---------- Exercise inputs
lemma card_disjoint_translates_le:
  fixes M R :: "int set" and b :: "nat \<Rightarrow> int" and w :: real
  assumes "finite R"
    and "\<And>a a'. a \<in> M \<Longrightarrow> a' \<in> M \<Longrightarrow> real_of_int (a - a') < w"
    and "\<And>i j. i < j \<Longrightarrow> j < k \<Longrightarrow> w \<le> real_of_int (b j - b i)"
    and "\<And>i. i < k \<Longrightarrow> (+) (b i) ` M \<subseteq> R"
  shows "k * card M \<le> card R"
proof (cases "finite M")
  case True
  have disjoint: "(+) (b i) ` M \<inter> (+) (b j) ` M = {}" if "i < j" "j < k" for i j
  proof -
    have "b i + a \<noteq> b j + a'" if "a \<in> M" "a' \<in> M" for a a'
      using assms(2)[OF that] assms(3)[OF \<open>i < j\<close> \<open>j < k\<close>] by auto
    then show ?thesis by auto
  qed
  have "k * card M = (\<Sum>i<k. card ((+) (b i) ` M))"
    by (simp add: card_image)
  also have "\<dots> = card (\<Union>i<k. (+) (b i) ` M)"
  proof (rule card_UN_disjoint[symmetric])
    show "\<forall>i\<in>{..<k}. \<forall>j\<in>{..<k}. i \<noteq> j \<longrightarrow> (+) (b i) ` M \<inter> (+) (b j) ` M = {}"
      using disjoint by (metis Int_commute lessThan_iff linorder_neqE_nat)
  qed (use True in auto)
  also have "\<dots> \<le> card R"
    using assms(1,4) by (intro card_mono) auto
  finally show ?thesis .
qed simp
--------------------
■ What you will do ■
In your answer, include only the lines above starting at the line that holds "< j \<Longrightarrow>" and ending at the line that holds "i \<noteq> j", copied exactly.

■ Response to this task ■
    and "\<And>i j. i < j \<Longrightarrow> j < k \<Longrightarrow> w \<le> real_of_int (b j - b i)"
    and "\<And>i. i < k \<Longrightarrow> (+) (b i) ` M \<subseteq> R"
  shows "k * card M \<le> card R"
proof (cases "finite M")
  case True
  have disjoint: "(+) (b i) ` M \<inter> (+) (b j) ` M = {}" if "i < j" "j < k" for i j
  proof -
    have "b i + a \<noteq> b j + a'" if "a \<in> M" "a' \<in> M" for a a'
      using assms(2)[OF that] assms(3)[OF \<open>i < j\<close> \<open>j < k\<close>] by auto
    then show ?thesis by auto
  qed
  have "k * card M = (\<Sum>i<k. card ((+) (b i) ` M))"
    by (simp add: card_image)
  also have "\<dots> = card (\<Union>i<k. (+) (b i) ` M)"
  proof (rule card_UN_disjoint[symmetric])
    show "\<forall>i\<in>{..<k}. \<forall>j\<in>{..<k}. i \<noteq> j \<longrightarrow> (+) (b i) ` M \<inter> (+) (b j) ` M = {}"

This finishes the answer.